Wow Helmut, da hast du dir ja richtig Mühe gegeben 

@Edition35http://www.sps-forum.de/member.php/46107-Edition35
Wie auch immer, um Siemens auch mal zu loben:
- TIA-Portal ist in der aktuellen Version imho zu allererst mal langsam, aber weit entfernt von instabil
- Genau genommen hat mich mein Freund KOP/FUP Editor von Step7 Classic in letzter Zeit erheblich mehr geärgert als TIA mit S7-1200

Wenn du mit dieser Einstellung an TIA rangehst, dann hast du mit Sicherheit verloren.

Mfg
Manuel


----------



## rostiger Nagel (9 Dezember 2012)

MSB schrieb:


> Wow Helmut, da hast du dir ja richtig Mühe gegeben



Musste wirklich erst überlegen was gemeint war, man muß ja nicht alles abkürzen. 




MSB schrieb:


> - TIA-Portal ist in der aktuellen Version imho zu allererst mal langsam, aber weit entfernt von instabil



Über langsam muß man ja nicht streiten, wobei ich es nicht verstehen kann das man, wenn man
solange im Software Geschäft ist und gleichartige Fehler im Dutzend gemacht hat und reichlich
Dresche von den Kunden abkommen hat, diese Tradition der schlechten Software weiter führt. 

Über Stabil möchte ich streiten, ich bin nicht der Power User mit TIA, aber ein paar Kollegen 
von mir im Serien Geschäft haben da schon massiv Probleme, es gibt keinen Tag wo TIA nicht abstürzt. 
Mit so etwa möchte ich nicht Arbeiten.


----------



## Perfektionist (9 Dezember 2012)

rostiger Nagel schrieb:


> Musste wirklich erst überlegen was gemeint war, man muß ja nicht alles abkürzen.


na, aber 2008SP3, da musst ich wohl nicht Flex dazuschreiben?



rostiger Nagel schrieb:


> Über Stabil möchte ich streiten, ich bin nicht der Power User mit TIA, aber ein paar Kollegen
> von mir im Serien Geschäft haben da schon massiv Probleme, es gibt keinen Tag wo TIA nicht abstürzt.
> Mit so etwa möchte ich nicht Arbeiten.


Den alltäglichen Absturz kann ich Dir nicht bestätigen.

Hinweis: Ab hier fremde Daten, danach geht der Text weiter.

(* Let $p,n$ be positive integers with $\gcd(p,n)=1$, and $y\in\mathbb{Z}_n$. Then the full pointed quandle coloring quiver $\mathcal{Q}_{(\mathbb{Z}_n,y,y)}(\widetilde{\mathcal{T}(p,2)})$ is isomorphic to $K_{1,n}$, i.e. it has a single vertex (the trivial coloring) carrying $n$ loops.
   Context: $\mathbb{Z}_n$ is the dihedral quandle ($x\triangleright y=2y-x$ mod $n$) and $(\mathbb{Z}_n,y,y)$ the $2$-pointed quandle with both basepoints $y$. $P(\widetilde{\mathcal{T}(p,2)})=(Q,x_1,x_{p+1})$ with $Q=\langle x_1,\dots,x_{p+1}\mid x_p=x_2\triangleright x_{p+1},\ x_i=x_{i+2}\triangleright x_{i+1}\ (1\le i\le p-1)\rangle$, the fundamental pointed quandle of the $1$-linkoid of $(p,2)$-torus type. For a pointed quandle $\mathcal{X}$, the full pointed quandle coloring quiver $\mathcal{Q}_{\mathcal{X}}(L)$ is the directed multigraph with vertex set $\hom(P(L),\mathcal{X})$ (basepoint-preserving homomorphisms) and, for vertices $\alpha,\beta$, $|\{\varphi\in\operatorname{End}(\mathcal{X}):\varphi\circ\alpha=\beta\}|$ arcs from $\alpha$ to $\beta$, where $\operatorname{End}(\mathcal{X})$ is the set of pointed endomorphisms. $K_{m,k}$ denotes the directed multigraph on vertex set $\{1,\dots,m\}$ with exactly $k$ arcs from $u$ to $v$ for every ordered pair $(u,v)$ (including $u=v$). *)

theory Defs
  imports "HOL-Library.FuncSet"
begin

definition dih_op :: "nat \<Rightarrow> int \<Rightarrow> int \<Rightarrow> int" where
  "dih_op n a b = (2 * b - a) mod int n"

definition dih_carrier :: "nat \<Rightarrow> int set" where
  "dih_carrier n = {0..<int n}"

text \<open>Basepoint-preserving homomorphisms from the fundamental pointed quandle
  P(T(p,2)~) = (Q, x_1, x_{p+1}) to (Z_n, y, y).  By the universal property of the
  presentation, such a homomorphism is the same as an assignment of the generators
  x_1..x_{p+1} (a function on indices {1..p+1}) satisfying the defining relations,
  with x_1 sent to y and x_{p+1} sent to y.\<close>
definition torus_colorings :: "nat \<Rightarrow> nat \<Rightarrow> int \<Rightarrow> (nat \<Rightarrow> int) set" where
  "torus_colorings p n y =
     {c \<in> extensional {1..p+1}.
        (\<forall>i\<in>{1..p+1}. c i \<in> dih_carrier n) \<and>
        c p = dih_op n (c 2) (c (p+1)) \<and>
        (\<forall>i. 1 \<le> i \<and> i \<le> p - 1 \<longrightarrow> c i = dih_op n (c (i+2)) (c (i+1))) \<and>
        c 1 = y \<and> c (p+1) = y}"

definition pointed_dih_End :: "nat \<Rightarrow> int \<Rightarrow> (int \<Rightarrow> int) set" where
  "pointed_dih_End n y =
     {\<phi> \<in> extensional (dih_carrier n).
        \<phi> ` dih_carrier n \<subseteq> dih_carrier n \<and>
        (\<forall>a\<in>dih_carrier n. \<forall>b\<in>dih_carrier n. \<phi> (dih_op n a b) = dih_op n (\<phi> a) (\<phi> b)) \<and>
        \<phi> y = y}"

text \<open>A directed multigraph: a vertex set together with the number of arcs
  from u to v.\<close>
type_synonym 'v multigraph = "'v set \<times> ('v \<Rightarrow> 'v \<Rightarrow> nat)"

definition multigraph_iso :: "'v multigraph \<Rightarrow> 'w multigraph \<Rightarrow> bool" where
  "multigraph_iso G H \<longleftrightarrow>
     (\<exists>f. bij_betw f (fst G) (fst H) \<and>
          (\<forall>u\<in>fst G. \<forall>v\<in>fst G. snd G u v = snd H (f u) (f v)))"

text \<open>K_{m,k}: vertices {1..m}, exactly k arcs from u to v for every ordered pair.\<close>
definition K_multigraph :: "nat \<Rightarrow> nat \<Rightarrow> nat multigraph" where
  "K_multigraph m k = ({1..m}, \<lambda>u v. k)"

definition torus_full_quiver :: "nat \<Rightarrow> nat \<Rightarrow> int \<Rightarrow> (nat \<Rightarrow> int) multigraph" where
  "torus_full_quiver p n y =
     (torus_colorings p n y,
      \<lambda>\<alpha> \<beta>. card {\<phi> \<in> pointed_dih_End n y. restrict (\<phi> \<circ> \<alpha>) {1..p+1} = \<beta>})"

end

theory Submission
  imports Defs "HOL-Number_Theory.Cong"
begin

text \<open>The relations \<open>x(i) = x(i+2) \<triangleright> x(i+1)\<close> say \<open>c(i) + c(i+2) \<equiv> 2 c(i+1)\<close> mod \<open>n\<close>,
  so a coloring is an arithmetic progression \<open>c(k+1) \<equiv> y + k d\<close>. Both endpoints being \<open>y\<close>
  forces \<open>p d \<equiv> 0\<close>, hence \<open>d \<equiv> 0\<close> as \<open>p\<close> is prime to \<open>n\<close>: the only coloring is the
  trivial one. For the same reason a quandle endomorphism fixing \<open>y\<close> maps \<open>y + k\<close> to
  \<open>y + k a\<close>, so the pointed endomorphisms are the \<open>n\<close> affine maps \<open>x \<mapsto> y + a (x - y)\<close>,
  and each of them fixes the trivial coloring.\<close>

lemma dih_carrier_mod_eq: "x \<in> dih_carrier n \<Longrightarrow> x mod int n = x"
  by (simp add: dih_carrier_def)

lemma mod_in_dih_carrier: "0 < n \<Longrightarrow> x mod int n \<in> dih_carrier n"
  by (simp add: dih_carrier_def)

lemma dih_carrier_cong_imp_eq:
  "x \<in> dih_carrier n \<Longrightarrow> x' \<in> dih_carrier n \<Longrightarrow> [x = x'] (mod int n) \<Longrightarrow> x = x'"
  by (simp add: cong_def dih_carrier_mod_eq)

lemma dih_op_cong: "[dih_op n a b = 2 * b - a] (mod int n)"
  by (simp add: dih_op_def)

lemma dih_op_idem: "y \<in> dih_carrier n \<Longrightarrow> dih_op n y y = y"
  by (simp add: dih_op_def dih_carrier_mod_eq)

lemma dih_op_mod: "dih_op n (a mod int n) (b mod int n) = dih_op n a b"
  unfolding dih_op_def cong_def[symmetric] by (intro cong_diff cong_scalar_left) simp_all

lemma cong_arith_progression:
  fixes f :: "nat \<Rightarrow> int"
  assumes "\<And>k. k + 2 \<le> N \<Longrightarrow> [f k = 2 * f (k + 1) - f (k + 2)] (mod m)"
  shows "k \<le> N \<Longrightarrow> [f k = f 0 + int k * (f 1 - f 0)] (mod m)"
proof (induction k rule: induct_nat_012)
  case (ge2 j)
  then have "[2 * f (j + 1) - f j = 2 * f (j + 1) - (2 * f (j + 1) - f (j + 2))] (mod m)"
    using assms[of j] by (intro cong_diff cong_refl) simp
  then have "[f (j + 2) = 2 * f (j + 1) - f j] (mod m)"
    by (simp add: cong_sym_eq)
  also have "[2 * f (j + 1) - f j =
      2 * (f 0 + int (j + 1) * (f 1 - f 0)) - (f 0 + int j * (f 1 - f 0))] (mod m)"
    using ge2 by (intro cong_diff cong_scalar_left) simp_all
  finally show ?case
    by (simp add: algebra_simps)
qed simp_all

lemma torus_coloring_cong_progression:
  assumes c: "c \<in> torus_colorings p n y" and "k \<le> p"
  shows "[c (k + 1) = y + int k * (c 2 - y)] (mod int n)"
proof -
  have "[c (k + 1) = 2 * c (k + 2) - c (k + 3)] (mod int n)" if "k + 2 \<le> p" for k
  proof -
    have "\<forall>i. 1 \<le> i \<and> i \<le> p - 1 \<longrightarrow> c i = dih_op n (c (i + 2)) (c (i + 1))"
      using c unfolding torus_colorings_def by blast
    then have "c (k + 1) = dih_op n (c (k + 1 + 2)) (c (k + 1 + 1))"
      using that by simp
    then have "c (k + 1) = dih_op n (c (k + 3)) (c (k + 2))"
      by (simp only: add.assoc numeral_plus_one one_plus_numeral semiring_norm)
    then show ?thesis
      by (simp add: dih_op_cong)
  qed
  moreover have "c 1 = y"
    using c unfolding torus_colorings_def by blast
  ultimately show ?thesis
    using cong_arith_progression[of p "\<lambda>k. c (k + 1)" "int n" k] \<open>k \<le> p\<close>
    by (simp add: add.assoc numeral_3_eq_3 numeral_2_eq_2)
qed

lemma torus_colorings_eq_trivial:
  assumes "0 < p" and "coprime p n" and y: "y \<in> dih_carrier n"
  shows "torus_colorings p n y = {restrict (\<lambda>_. y) {1..p + 1}}"
proof
  show "torus_colorings p n y \<subseteq> {restrict (\<lambda>_. y) {1..p + 1}}"
  proof
    fix c assume c: "c \<in> torus_colorings p n y"
    have "[y = y + int p * (c 2 - y)] (mod int n)"
      using torus_coloring_cong_progression[OF c, of p] c
      unfolding torus_colorings_def by simp
    then have "[int p * (c 2 - y) = 0] (mod int n)"
      by (metis add.right_neutral cong_add_lcancel cong_sym)
    then have difference_cong_0: "[c 2 - y = 0] (mod int n)"
      using \<open>coprime p n\<close> by (metis cong_mult_lcancel coprime_int_iff mult_zero_right)
    have "c i = y" if "i \<in> {1..p + 1}" for i
    proof -
      have "[c i = y + int (i - 1) * (c 2 - y)] (mod int n)"
        using torus_coloring_cong_progression[OF c, of "i - 1"] that by auto
      also have "[y + int (i - 1) * (c 2 - y) = y] (mod int n)"
        using difference_cong_0 by (metis add.right_neutral cong_add_lcancel cong_scalar_left mult_zero_right)
      finally show ?thesis
        using c that y unfolding torus_colorings_def by (blast intro: dih_carrier_cong_imp_eq)
    qed
    moreover have "c \<in> extensional {1..p + 1}"
      using c unfolding torus_colorings_def by blast
    ultimately show "c \<in> {restrict (\<lambda>_. y) {1..p + 1}}"
      by (auto intro: extensionalityI)
  qed
  show "{restrict (\<lambda>_. y) {1..p + 1}} \<subseteq> torus_colorings p n y"
    using \<open>0 < p\<close> y by (auto simp: torus_colorings_def dih_op_idem)
qed

definition dih_affine :: "nat \<Rightarrow> int \<Rightarrow> int \<Rightarrow> int \<Rightarrow> int" where
  "dih_affine n y a = restrict (\<lambda>x. (y + a * (x - y)) mod int n) (dih_carrier n)"

lemma dih_affine_mod:
  assumes "0 < n"
  shows "dih_affine n y a (x mod int n) = (y + a * (x - y)) mod int n"
proof -
  have "[y + a * (x mod int n - y) = y + a * (x - y)] (mod int n)"
    by (intro cong_add cong_scalar_left cong_diff cong_refl) simp
  then show ?thesis
    using assms by (simp add: dih_affine_def mod_in_dih_carrier cong_def)
qed

lemma dih_affine_in_pointed_End:
  assumes "0 < n" and y: "y \<in> dih_carrier n"
  shows "dih_affine n y a \<in> pointed_dih_End n y"
proof -
  have "dih_affine n y a (dih_op n u v) = dih_op n (dih_affine n y a u) (dih_affine n y a v)"
    if u: "u \<in> dih_carrier n" and v: "v \<in> dih_carrier n" for u v
  proof -
    have "dih_affine n y a (dih_op n u v) = (y + a * ((2 * v - u) - y)) mod int n"
      unfolding dih_op_def using assms(1) by (rule dih_affine_mod)
    also have "\<dots> = dih_op n (y + a * (u - y)) (y + a * (v - y))"
      by (simp add: dih_op_def algebra_simps)
    also have "\<dots> = dih_op n ((y + a * (u - y)) mod int n) ((y + a * (v - y)) mod int n)"
      by (rule dih_op_mod[symmetric])
    also have "\<dots> = dih_op n (dih_affine n y a u) (dih_affine n y a v)"
      using u v by (simp add: dih_affine_def)
    finally show ?thesis .
  qed
  then show ?thesis
    using assms dih_affine_mod[OF assms(1), of y a y]
    by (auto simp: pointed_dih_End_def dih_affine_def mod_in_dih_carrier dih_carrier_mod_eq)
qed

lemma pointed_dih_End_eq_dih_affine:
  assumes "0 < n" and y: "y \<in> dih_carrier n" and \<phi>: "\<phi> \<in> pointed_dih_End n y"
  shows "\<phi> = dih_affine n y ((\<phi> ((y + 1) mod int n) - y) mod int n)"
proof -
  define f where "f k = \<phi> ((y + int k) mod int n)" for k
  note \<phi>_End = \<phi>[unfolded pointed_dih_End_def, simplified]
  have hom: "\<phi> (dih_op n u v) = dih_op n (\<phi> u) (\<phi> v)"
    if "u \<in> dih_carrier n" "v \<in> dih_carrier n" for u v
    using \<phi>_End that by blast
  have \<phi>_carrier: "\<phi> x \<in> dih_carrier n" if "x \<in> dih_carrier n" for x
    using \<phi>_End that by blast
  have "\<phi> y = y"
    using \<phi>_End by blast
  have "[f k = 2 * f (k + 1) - f (k + 2)] (mod int n)" for k
  proof -
    have "dih_op n ((y + int (k + 2)) mod int n) ((y + int (k + 1)) mod int n) = (y + int k) mod int n"
      unfolding dih_op_mod by (simp add: dih_op_def algebra_simps)
    then have "f k = \<phi> (dih_op n ((y + int (k + 2)) mod int n) ((y + int (k + 1)) mod int n))"
      by (simp add: f_def)
    also have "\<dots> = dih_op n (f (k + 2)) (f (k + 1))"
      unfolding f_def using \<open>0 < n\<close> by (intro hom mod_in_dih_carrier)
    finally show ?thesis
      by (simp add: dih_op_cong)
  qed
  then have progression: "[f k = y + int k * (\<phi> ((y + 1) mod int n) - y)] (mod int n)" for k
    using cong_arith_progression[of k f "int n" k] \<open>\<phi> y = y\<close> y by (simp add: f_def dih_carrier_mod_eq)
  show ?thesis
  proof (rule extensionalityI)
    show "\<phi> \<in> extensional (dih_carrier n)"
      using \<phi>_End by blast
    show "dih_affine n y ((\<phi> ((y + 1) mod int n) - y) mod int n) \<in> extensional (dih_carrier n)"
      by (simp add: dih_affine_def)
    fix x assume x: "x \<in> dih_carrier n"
    define k where "k = nat ((x - y) mod int n)"
    have k: "int k = (x - y) mod int n"
      unfolding k_def using \<open>0 < n\<close> by simp
    have "(y + int k) mod int n = x"
      using x by (simp add: k mod_simps dih_carrier_mod_eq)
    then have "[\<phi> x = y + int k * (\<phi> ((y + 1) mod int n) - y)] (mod int n)"
      using progression[of k] by (simp add: f_def)
    also have "[y + int k * (\<phi> ((y + 1) mod int n) - y) =
        y + (\<phi> ((y + 1) mod int n) - y) mod int n * (x - y)] (mod int n)"
      unfolding k mult.commute[of "(x - y) mod int n"]
      by (intro cong_add cong_mult cong_refl) (simp_all add: cong_sym_eq)
    finally show "\<phi> x = dih_affine n y ((\<phi> ((y + 1) mod int n) - y) mod int n) x"
      using x \<phi>_carrier[OF x] \<open>0 < n\<close>
      by (auto simp: dih_affine_def cong_sym_eq intro: dih_carrier_cong_imp_eq mod_in_dih_carrier)
  qed
qed

lemma inj_on_dih_affine:
  assumes "0 < n"
  shows "inj_on (dih_affine n y) {0..<int n}"
proof (rule inj_onI)
  fix a b assume a: "a \<in> {0..<int n}" and b: "b \<in> {0..<int n}"
    and eq: "dih_affine n y a = dih_affine n y b"
  have "[y + a = y + b] (mod int n)"
    using fun_cong[OF eq, of "(y + 1) mod int n"] by (simp add: dih_affine_mod[OF assms] cong_def)
  then show "a = b"
    using a b cong_less_imp_eq_int[of a "int n" b] by (simp add: cong_add_lcancel)
qed

lemma pointed_dih_End_eq_image_dih_affine:
  assumes "0 < n" and "y \<in> dih_carrier n"
  shows "pointed_dih_End n y = dih_affine n y ` {0..<int n}"
proof
  show "pointed_dih_End n y \<subseteq> dih_affine n y ` {0..<int n}"
  proof
    fix \<phi> assume "\<phi> \<in> pointed_dih_End n y"
    moreover have "(\<phi> ((y + 1) mod int n) - y) mod int n \<in> {0..<int n}"
      using \<open>0 < n\<close> by simp
    ultimately show "\<phi> \<in> dih_affine n y ` {0..<int n}"
      using pointed_dih_End_eq_dih_affine[OF assms] by blast
  qed
  show "dih_affine n y ` {0..<int n} \<subseteq> pointed_dih_End n y"
    using dih_affine_in_pointed_End[OF assms] by blast
qed

lemma card_pointed_dih_End:
  assumes "0 < n" and "y \<in> dih_carrier n"
  shows "card (pointed_dih_End n y) = n"
  using card_image[OF inj_on_dih_affine[OF \<open>0 < n\<close>, of y]]
  by (simp add: pointed_dih_End_eq_image_dih_affine[OF assms])

lemma pointed_dih_End_fixes_trivial_coloring:
  "\<phi> \<in> pointed_dih_End n y \<Longrightarrow> restrict (\<phi> \<circ> restrict (\<lambda>_. y) A) A = restrict (\<lambda>_. y) A"
  by (auto simp: pointed_dih_End_def)

theorem theorem6p13:
  fixes p n :: nat and y :: int
  assumes "0 < p" and "0 < n" and "gcd p n = 1" and "y \<in> dih_carrier n"
  shows "multigraph_iso (torus_full_quiver p n y) (K_multigraph 1 n)"
proof -
  let ?trivial = "restrict (\<lambda>_. y) {1..p + 1}"
  have vertices: "torus_colorings p n y = {?trivial}"
    using assms by (simp add: torus_colorings_eq_trivial coprime_iff_gcd_eq_1)
  have "{\<phi> \<in> pointed_dih_End n y. restrict (\<phi> \<circ> ?trivial) {1..p + 1} = ?trivial} =
      pointed_dih_End n y"
    using pointed_dih_End_fixes_trivial_coloring by blast
  then have "card {\<phi> \<in> pointed_dih_End n y. restrict (\<phi> \<circ> ?trivial) {1..p + 1} = ?trivial} = n"
    using card_pointed_dih_End[OF assms(2,4)] by simp
  then show ?thesis
    unfolding multigraph_iso_def torus_full_quiver_def K_multigraph_def vertices
    by (intro exI[of _ "\<lambda>_. 1"]) (simp add: bij_betw_def)
qed

end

Dass es keine Abstürze gäbe, wäre gelogen, aber es hält sich bei mir in einem Rahmen, wo ich selbst mehr Fehler mache, als mein Werkzeug.


----------



## Ralle (10 Dezember 2012)

Perfektionist schrieb:


> wo ich selbst mehr Fehler mache, als mein Werkzeug.



Wenn ich das ins Verhältnis zu meinen Erfahrungen mit TIA setze, dann bin ich aber froh, keine Software von dir zu haben!  *ROFL*
Ich weiß, das war gemein, aber ich kann es mir einfach nicht verkneifen. Die Aussage ist zu geil.


----------



## Perfektionist (10 Dezember 2012)

na, meine eigenen Fehler kann ich ja bis zur Veröffentlichung dann auch selbst ausbügeln 
gemessen daran, was ich bei Classic alles schon so erlebt habe, ist TIA V11SP2Upd5 weitgehend einwandfrei.


----------



## Edition35 (10 Dezember 2012)

Wie auch immer... wie gesagt habe ich nur eine TRIAL vom Vertreter zum reinschnuppern bekommen. Updates und SP waren somit für mich erstmal uninteressant.
Ich warte mal die V12 ab. Da wir im Haus hauptsächlich VIPA CPUs verbauen, kann ich im Moment mit TIA sowieso nix anfangen.


----------



## Edition35 (10 Dezember 2012)

UniMog schrieb:


> Was hast du denn installiert ????? Nur V11 oder V11 SP2 oder V11 SP2 mit UPD 5 ??????
> Projekte migriert die im Format von WinCC flexible SP2 gespeichert sind ist doch kein Problem zum weinen......... Schonmal in WinCC flex den Menüpunkt "Speichern als Version" gefunden ???




OK natürlich ist SP3 erst im Januar veröffentlicht worden... Punkt für Siemens...


----------



## UniMog (10 Dezember 2012)

Menüpunkt "Speichern als Version"  den gibt es schon etwas länger...... wenn mich nicht alles täuscht........


----------



## Perfektionist (10 Dezember 2012)

UniMog schrieb:


> Menüpunkt "Speichern als Version"  den gibt es schon etwas länger...... wenn mich nicht alles täuscht........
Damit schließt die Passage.